Calm between the storms – bank holidays in the US and the UK allow the euro to recover from Friday's storm, but there are reasons to resume its falls. Money managers balanced their portfolios in erratic moves late last week, first sending the dollar up, then sharply down. 

Here is why EUR/USD could fall as the dust settles. First, the US economy is heating up – the Core Personal Consumption Expenditure (Core PCE), surged to 3.1% yearly.. The Federal Reserve prefers this inflation gauge over others, and an increase well above the bank's 2% target may raise concerns that price increases are more than "transitory." 

Another core figure is also pointing to an economy firing on all cylinders – Durable Goods Orders non-defence ex-air jumped by over 2% in April. This "core of the core" measure of investment is pointing to long-term expansion. 

On the other side of the pond, it seems that Europe's catch-up vaccination campaign is already priced into the euro. What about the potential damage from COVID-19 variants? While sterling has been grappling with concerns that its reopening may be delayed, the common currency has yet to price such a road bump. 

Later in the day, Germany releases its preliminary Consumer Price Index (CPI) estimate for May, which will likely show an increase of core inflation to 2.4% yearly. While that may alarm the country's hawks, it will also serve as a stark reminder that the old continent's price rises are well behind those in America. The European Central Bank is unlikely to tighten its policy anytime soon.

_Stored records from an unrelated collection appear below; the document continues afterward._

(* Fix $M>0$ and consider the following repeated game (Protocol 2) between nature, a forecaster and agents, for $t=1,2,\dots$: (1) nature reveals $x_t\in\mathcal{X}$ and chooses $\mu_t^*\in[0,1]$ without revealing it; (2) the forecaster reveals $\mu_t,c_t$; (3) agent $t$, with loss function $l_t:\mathcal{A}\times\{0,1\}\to\mathbb{R}$, reveals an action $a_t\in\mathcal{A}$ and a stake $b_t\in[-M,M]$; (4) nature samples $y_t\sim\mathrm{Bernoulli}(\mu_t^* )$ and reveals $y_t$; (5) the agent incurs loss $l_t(a_t,y_t)-b_t(y_t-\mu_t)+|b_t|c_t$ and the forecaster incurs loss $b_t(y_t-\mu_t)-|b_t|c_t$. Each player's choice at time $t$ may depend arbitrarily on everything revealed before it, but not on future quantities. Suppose additionally that $b_t\ge 0$ for all $t$. Then there exists an algorithm for the forecaster that outputs $\mu_t$ with $c_t\equiv 0$ and is asymptotically exact for $\mu_t^*,b_t$ generated by any strategy of nature and agents, i.e. $$\limsup_{T\to\infty}\frac1T\sum_{t=1}^T b_t(\mu_t-y_t)=0.$$
   Context: A sequence of forecasts $(\mu_t,c_t)$ is called asymptotically exact relative to $y_1,b_1,y_2,b_2,\dots$ if $\limsup_{T\to\infty}\frac1T\sum_{t=1}^T b_t(\mu_t-y_t)-|b_t|c_t=0$. *)

theory Defs
  imports "HOL-Analysis.Analysis"
begin

text \<open>Asymptotic exactness of forecasts (mu_t, c_t) relative to y_1,b_1,y_2,b_2,...
  Rounds are indexed from 0, so the sum over t < T is the sum over rounds 1..T.\<close>
definition asymptotically_exact ::
  "(nat \<Rightarrow> real) \<Rightarrow> (nat \<Rightarrow> real) \<Rightarrow> (nat \<Rightarrow> real) \<Rightarrow> (nat \<Rightarrow> real) \<Rightarrow> bool" where
  "asymptotically_exact mu c y b \<longleftrightarrow>
     limsup (\<lambda>T. ereal ((1 / real T) * (\<Sum>t<T. b t * (mu t - y t) - \<bar>b t\<bar> * c t))) = 0"

text \<open>Public history available to the forecaster before its move in round t:
  the tuples (x_s, a_s, b_s, y_s) of all past rounds s < t (its own past forecasts are
  recomputable from these), together with the current x_t.\<close>
definition history ::
  "(nat \<Rightarrow> 'x) \<Rightarrow> (nat \<Rightarrow> 'a) \<Rightarrow> (nat \<Rightarrow> real) \<Rightarrow> (nat \<Rightarrow> real) \<Rightarrow> nat \<Rightarrow> ('x \<times> 'a \<times> real \<times> real) list" where
  "history x a b y t = map (\<lambda>s. (x s, a s, b s, y s)) [0..<t]"

end

theory Submission
  imports Defs
begin

text \<open>The forecaster keeps the running balance S = \<Sum>s<t. b s * (\<mu> s - y s) of past
  rounds and forecasts \<mu> t = 0 while S > 0 and \<mu> t = 1 otherwise. Since b \<ge> 0, the
  next increment -b y resp. b (1 - y) then never has the sign of S and has modulus at
  most M, so S stays in [-M, M]. Bounded partial sums have vanishing averages, which is asymptotic exactness
  with c = 0.\<close>

lemma abs_sum_le_if_increments_oppose:
  fixes d :: "nat \<Rightarrow> real"
  assumes "0 \<le> M" and "\<And>t. \<bar>d t\<bar> \<le> M"
    and "\<And>t. (\<Sum>s<t. d s) > 0 \<Longrightarrow> d t \<le> 0"
    and "\<And>t. (\<Sum>s<t. d s) \<le> 0 \<Longrightarrow> d t \<ge> 0"
  shows "\<bar>\<Sum>s<t. d s\<bar> \<le> M"
proof (induction t)
  case 0
  show ?case using assms(1) by simp
next
  case (Suc t)
  show ?case
    using Suc.IH assms(2-4)[of t] by (cases "(\<Sum>s<t. d s) > 0") (simp_all add: abs_le_iff)
qed

lemma average_tendsto_0_if_bounded_sums:
  fixes f :: "nat \<Rightarrow> real"
  assumes "\<And>T. \<bar>\<Sum>t<T. f t\<bar> \<le> C"
  shows "(\<lambda>T. (1 / real T) * (\<Sum>t<T. f t)) \<longlonglongrightarrow> 0"
proof (rule Lim_null_comparison)
  show "\<forall>\<^sub>F T in sequentially. norm ((1 / real T) * (\<Sum>t<T. f t)) \<le> C * (1 / real T)"
    using assms by (intro always_eventually allI) (simp add: abs_mult divide_right_mono)
  show "(\<lambda>T. C * (1 / real T)) \<longlonglongrightarrow> 0"
    using tendsto_mult_right_zero[OF lim_const_over_n[of 1]] by simp
qed

lemma asymptotically_exact_if_bounded_sums:
  assumes "\<And>T. \<bar>\<Sum>t<T. b t * (mu t - y t) - \<bar>b t\<bar> * c t\<bar> \<le> C"
  shows "asymptotically_exact mu c y b"
proof -
  have "(\<lambda>T. ereal ((1 / real T) * (\<Sum>t<T. b t * (mu t - y t) - \<bar>b t\<bar> * c t)))
          \<longlonglongrightarrow> ereal 0"
    using average_tendsto_0_if_bounded_sums[OF assms] by (rule tendsto_ereal)
  then show ?thesis
    unfolding asymptotically_exact_def zero_ereal_def[symmetric]
    by (rule lim_imp_Limsup[OF sequentially_bot])
qed

definition forecast_of_balance :: "real \<Rightarrow> real" where
  "forecast_of_balance S = (if S > 0 then 0 else 1)"

definition balance_step :: "real \<Rightarrow> 'x \<times> 'a \<times> real \<times> real \<Rightarrow> real" where
  "balance_step S e = (case e of (_, _, b, y) \<Rightarrow> S + b * (forecast_of_balance S - y))"

definition balance :: "('x \<times> 'a \<times> real \<times> real) list \<Rightarrow> real" where
  "balance h = foldl balance_step 0 h"

definition balancing_forecaster :: "('x \<times> 'a \<times> real \<times> real) list \<Rightarrow> 'x \<Rightarrow> real" where
  "balancing_forecaster h xt = forecast_of_balance (balance h)"

lemma history_0: "history x a b y 0 = []"
  by (simp add: history_def)

lemma history_Suc: "history x a b y (Suc t) = history x a b y t @ [(x t, a t, b t, y t)]"
  by (simp add: history_def)

lemma balance_history:
  "balance (history x a b y t) =
     (\<Sum>s<t. b s * (balancing_forecaster (history x a b y s) (x s) - y s))"
  by (induction t) (simp_all add: balance_def history_0 history_Suc balance_step_def
      balancing_forecaster_def)

lemma abs_balance_history_le:
  assumes "\<forall>t. y t \<in> {0, 1}" and "\<forall>t. 0 \<le> b t \<and> b t \<le> M"
  shows "\<bar>balance (history x a b y t)\<bar> \<le> M"
proof -
  define d where "d s = b s * (balancing_forecaster (history x a b y s) (x s) - y s)" for s
  have balance_eq: "balance (history x a b y s) = (\<Sum>r<s. d r)" for s
    unfolding d_def by (rule balance_history)
  have d_eq: "d s = b s * (forecast_of_balance (\<Sum>r<s. d r) - y s)" for s
    unfolding d_def[of s] balancing_forecaster_def balance_eq by (rule refl)
  have y01: "y s = 0 \<or> y s = 1" and b_bounds: "0 \<le> b s" "b s \<le> M" for s
    using assms by auto
  have "\<bar>\<Sum>s<t. d s\<bar> \<le> M"
  proof (rule abs_sum_le_if_increments_oppose)
    show "0 \<le> M" using b_bounds by (rule order_trans)
    show "\<bar>d s\<bar> \<le> M" for s
      using y01[of s] b_bounds[of s] d_eq[of s] by (auto simp: forecast_of_balance_def)
    show "d s \<le> 0" if "(\<Sum>r<s. d r) > 0" for s
      using that y01[of s] b_bounds[of s] d_eq[of s] by (auto simp: forecast_of_balance_def)
    show "d s \<ge> 0" if "(\<Sum>r<s. d r) \<le> 0" for s
      using that y01[of s] b_bounds[of s] d_eq[of s] by (auto simp: forecast_of_balance_def)
  qed
  then show ?thesis by (simp only: balance_eq)
qed

theorem corollary1:
  fixes M :: real
  assumes "M > 0"
  shows "\<exists>F :: ('x \<times> 'a \<times> real \<times> real) list \<Rightarrow> 'x \<Rightarrow> real.
           (\<forall>h xt. 0 \<le> F h xt \<and> F h xt \<le> 1) \<and>
           (\<forall>(x :: nat \<Rightarrow> 'x) (a :: nat \<Rightarrow> 'a) (b :: nat \<Rightarrow> real) (y :: nat \<Rightarrow> real).
              (\<forall>t. y t \<in> {0, 1}) \<longrightarrow> (\<forall>t. 0 \<le> b t \<and> b t \<le> M) \<longrightarrow>
              asymptotically_exact (\<lambda>t. F (history x a b y t) (x t)) (\<lambda>_. 0) y b)"
proof (intro exI[of _ balancing_forecaster] conjI allI impI)
  fix h :: "('x \<times> 'a \<times> real \<times> real) list" and xt :: 'x
  show "0 \<le> balancing_forecaster h xt" "balancing_forecaster h xt \<le> 1"
    by (auto simp: balancing_forecaster_def forecast_of_balance_def)
next
  fix x :: "nat \<Rightarrow> 'x" and a :: "nat \<Rightarrow> 'a" and b y :: "nat \<Rightarrow> real"
  assume y: "\<forall>t. y t \<in> {0, 1}" and b: "\<forall>t. 0 \<le> b t \<and> b t \<le> M"
  have bounded: "\<bar>\<Sum>t<T. b t * (balancing_forecaster (history x a b y t) (x t) - y t)\<bar> \<le> M" for T
    using abs_balance_history_le[OF y b, of x a T] unfolding balance_history .
  show "asymptotically_exact (\<lambda>t. balancing_forecaster (history x a b y t) (x t))
      (\<lambda>_. 0) y b"
    by (rule asymptotically_exact_if_bounded_sums) (unfold mult_zero_right diff_zero, rule bounded)
qed

end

Another factor that may push the pair lower is subdued Chinese growth. The world's second-largest economy reported that its Manufacturing Purchasing Managers' Index hit 51 points in May, weaker than estimated. Worries about slower global growth could boost the safe-haven dollar. 

All in all, the currency pair has room to drift lower before a larger storm later this week. 

EUR/USD Technical Analysis

Momentum on the four-hour chart has turned lower and EUR/USD has failed to recapture the 50 Simple Moving Average (SMA) it lost last week. On the other hand, it managed to top the 100 SMA. 

Some support awaits at 1.21, which was a cushion last week. It is followed by 1.2160, then by 1.2130. 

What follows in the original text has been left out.